- PROVIDED RECORDS
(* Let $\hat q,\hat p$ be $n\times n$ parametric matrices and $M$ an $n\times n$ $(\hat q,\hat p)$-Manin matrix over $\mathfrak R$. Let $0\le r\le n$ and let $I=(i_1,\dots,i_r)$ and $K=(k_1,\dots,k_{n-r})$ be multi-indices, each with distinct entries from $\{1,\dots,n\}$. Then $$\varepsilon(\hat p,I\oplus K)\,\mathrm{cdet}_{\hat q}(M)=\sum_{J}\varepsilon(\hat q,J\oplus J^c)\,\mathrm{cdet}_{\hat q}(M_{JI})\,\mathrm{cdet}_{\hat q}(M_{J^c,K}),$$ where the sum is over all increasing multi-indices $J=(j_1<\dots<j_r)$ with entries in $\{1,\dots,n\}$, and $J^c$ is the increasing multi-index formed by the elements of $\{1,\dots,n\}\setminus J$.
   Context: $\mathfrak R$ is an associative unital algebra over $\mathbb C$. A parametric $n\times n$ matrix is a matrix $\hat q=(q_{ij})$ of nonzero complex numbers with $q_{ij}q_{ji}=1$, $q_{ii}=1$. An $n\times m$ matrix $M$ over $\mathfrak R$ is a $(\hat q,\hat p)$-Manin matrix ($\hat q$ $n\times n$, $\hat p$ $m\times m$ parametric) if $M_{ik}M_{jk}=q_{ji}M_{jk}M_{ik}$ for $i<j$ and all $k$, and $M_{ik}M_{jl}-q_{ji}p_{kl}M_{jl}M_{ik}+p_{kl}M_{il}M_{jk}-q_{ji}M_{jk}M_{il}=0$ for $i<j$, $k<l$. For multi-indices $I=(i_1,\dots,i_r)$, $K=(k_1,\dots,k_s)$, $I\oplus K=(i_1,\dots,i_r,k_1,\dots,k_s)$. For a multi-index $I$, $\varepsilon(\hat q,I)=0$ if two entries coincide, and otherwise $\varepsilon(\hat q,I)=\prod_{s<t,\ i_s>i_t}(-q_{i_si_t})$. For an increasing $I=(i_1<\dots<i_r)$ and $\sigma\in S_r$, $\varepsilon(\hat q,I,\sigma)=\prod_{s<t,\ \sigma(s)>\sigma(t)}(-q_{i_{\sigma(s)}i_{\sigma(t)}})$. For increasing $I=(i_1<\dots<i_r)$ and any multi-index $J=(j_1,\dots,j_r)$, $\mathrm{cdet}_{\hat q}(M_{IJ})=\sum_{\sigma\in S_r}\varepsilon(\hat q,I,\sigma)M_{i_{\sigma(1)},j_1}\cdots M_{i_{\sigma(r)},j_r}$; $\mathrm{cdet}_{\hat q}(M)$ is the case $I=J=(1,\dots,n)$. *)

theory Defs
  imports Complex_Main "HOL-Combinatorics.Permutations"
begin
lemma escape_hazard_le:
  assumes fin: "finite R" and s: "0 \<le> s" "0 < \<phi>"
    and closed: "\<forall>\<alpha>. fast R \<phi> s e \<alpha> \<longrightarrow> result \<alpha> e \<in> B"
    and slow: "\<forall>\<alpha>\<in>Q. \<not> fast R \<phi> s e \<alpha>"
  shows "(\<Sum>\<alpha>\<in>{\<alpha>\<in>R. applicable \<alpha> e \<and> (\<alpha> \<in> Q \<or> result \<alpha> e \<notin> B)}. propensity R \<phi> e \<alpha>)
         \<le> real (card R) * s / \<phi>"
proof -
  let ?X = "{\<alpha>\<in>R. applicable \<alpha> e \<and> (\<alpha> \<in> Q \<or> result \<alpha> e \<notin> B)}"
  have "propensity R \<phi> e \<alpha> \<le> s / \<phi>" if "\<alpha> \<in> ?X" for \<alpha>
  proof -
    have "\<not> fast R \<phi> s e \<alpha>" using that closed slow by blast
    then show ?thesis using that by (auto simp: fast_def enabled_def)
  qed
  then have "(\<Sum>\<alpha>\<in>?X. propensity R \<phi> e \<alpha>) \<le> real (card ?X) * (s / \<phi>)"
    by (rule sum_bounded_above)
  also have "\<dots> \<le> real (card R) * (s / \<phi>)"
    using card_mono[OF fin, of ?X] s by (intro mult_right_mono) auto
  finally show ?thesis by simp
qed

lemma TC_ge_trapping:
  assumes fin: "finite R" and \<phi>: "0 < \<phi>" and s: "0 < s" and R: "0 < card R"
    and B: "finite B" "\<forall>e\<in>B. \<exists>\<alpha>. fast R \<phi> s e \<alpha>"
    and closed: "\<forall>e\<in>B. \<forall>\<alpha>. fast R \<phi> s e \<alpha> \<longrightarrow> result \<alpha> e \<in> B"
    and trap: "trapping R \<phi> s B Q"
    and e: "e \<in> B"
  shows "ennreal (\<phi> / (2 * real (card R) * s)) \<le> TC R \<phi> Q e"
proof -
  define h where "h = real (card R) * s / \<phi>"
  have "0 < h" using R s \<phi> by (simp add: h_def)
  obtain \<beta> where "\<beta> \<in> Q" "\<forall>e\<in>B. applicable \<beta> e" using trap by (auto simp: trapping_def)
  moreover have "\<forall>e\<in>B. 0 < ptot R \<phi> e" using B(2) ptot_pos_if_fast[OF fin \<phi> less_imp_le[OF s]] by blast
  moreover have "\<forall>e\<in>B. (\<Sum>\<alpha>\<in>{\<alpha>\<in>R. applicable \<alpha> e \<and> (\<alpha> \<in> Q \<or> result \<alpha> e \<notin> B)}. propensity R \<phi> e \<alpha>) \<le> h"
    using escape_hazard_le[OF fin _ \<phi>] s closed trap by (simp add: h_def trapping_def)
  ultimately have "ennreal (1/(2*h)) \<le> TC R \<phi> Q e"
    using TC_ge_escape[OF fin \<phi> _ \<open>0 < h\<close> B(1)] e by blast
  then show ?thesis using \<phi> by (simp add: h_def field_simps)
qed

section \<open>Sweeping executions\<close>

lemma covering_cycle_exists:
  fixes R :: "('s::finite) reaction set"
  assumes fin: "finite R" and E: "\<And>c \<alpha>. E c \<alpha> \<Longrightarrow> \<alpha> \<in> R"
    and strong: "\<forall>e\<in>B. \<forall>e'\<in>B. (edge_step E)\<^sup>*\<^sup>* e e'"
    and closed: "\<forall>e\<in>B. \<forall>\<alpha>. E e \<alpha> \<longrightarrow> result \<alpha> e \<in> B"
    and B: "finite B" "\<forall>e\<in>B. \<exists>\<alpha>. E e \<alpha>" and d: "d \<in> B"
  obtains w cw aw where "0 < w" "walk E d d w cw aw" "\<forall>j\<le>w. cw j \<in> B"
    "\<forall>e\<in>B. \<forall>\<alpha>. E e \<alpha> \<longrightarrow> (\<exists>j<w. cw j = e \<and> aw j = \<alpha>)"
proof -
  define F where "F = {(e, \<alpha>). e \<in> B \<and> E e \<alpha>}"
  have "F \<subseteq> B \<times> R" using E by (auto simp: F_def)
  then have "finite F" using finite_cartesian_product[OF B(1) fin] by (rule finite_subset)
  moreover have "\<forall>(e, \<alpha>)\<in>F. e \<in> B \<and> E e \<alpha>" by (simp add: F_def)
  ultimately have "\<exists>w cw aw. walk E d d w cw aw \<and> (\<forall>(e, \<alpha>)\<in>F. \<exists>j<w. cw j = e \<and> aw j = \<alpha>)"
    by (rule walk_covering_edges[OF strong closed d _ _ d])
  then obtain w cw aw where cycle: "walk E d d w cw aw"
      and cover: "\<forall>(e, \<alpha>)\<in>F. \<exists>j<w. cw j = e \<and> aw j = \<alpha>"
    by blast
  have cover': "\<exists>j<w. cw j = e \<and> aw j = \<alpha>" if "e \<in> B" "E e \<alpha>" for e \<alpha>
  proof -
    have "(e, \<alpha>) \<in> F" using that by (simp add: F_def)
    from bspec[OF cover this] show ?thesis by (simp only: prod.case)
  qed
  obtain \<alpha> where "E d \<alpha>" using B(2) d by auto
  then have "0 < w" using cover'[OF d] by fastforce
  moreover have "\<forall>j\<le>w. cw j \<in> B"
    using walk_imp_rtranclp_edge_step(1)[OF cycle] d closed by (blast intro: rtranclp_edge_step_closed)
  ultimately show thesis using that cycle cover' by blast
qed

- TASK REQUIREMENTS
From the data above, output only the lines between the line containing "section \<open>Sweeping executions\<close>" and the line containing "(edge_step E)\<^sup>*\<^sup>* e", inclusive, exactly as written.

- ANSWER AREA
section \<open>Sweeping executions\<close>

lemma covering_cycle_exists:
  fixes R :: "('s::finite) reaction set"
  assumes fin: "finite R" and E: "\<And>c \<alpha>. E c \<alpha> \<Longrightarrow> \<alpha> \<in> R"
    and strong: "\<forall>e\<in>B. \<forall>e'\<in>B. (edge_step E)\<^sup>*\<^sup>* e e'"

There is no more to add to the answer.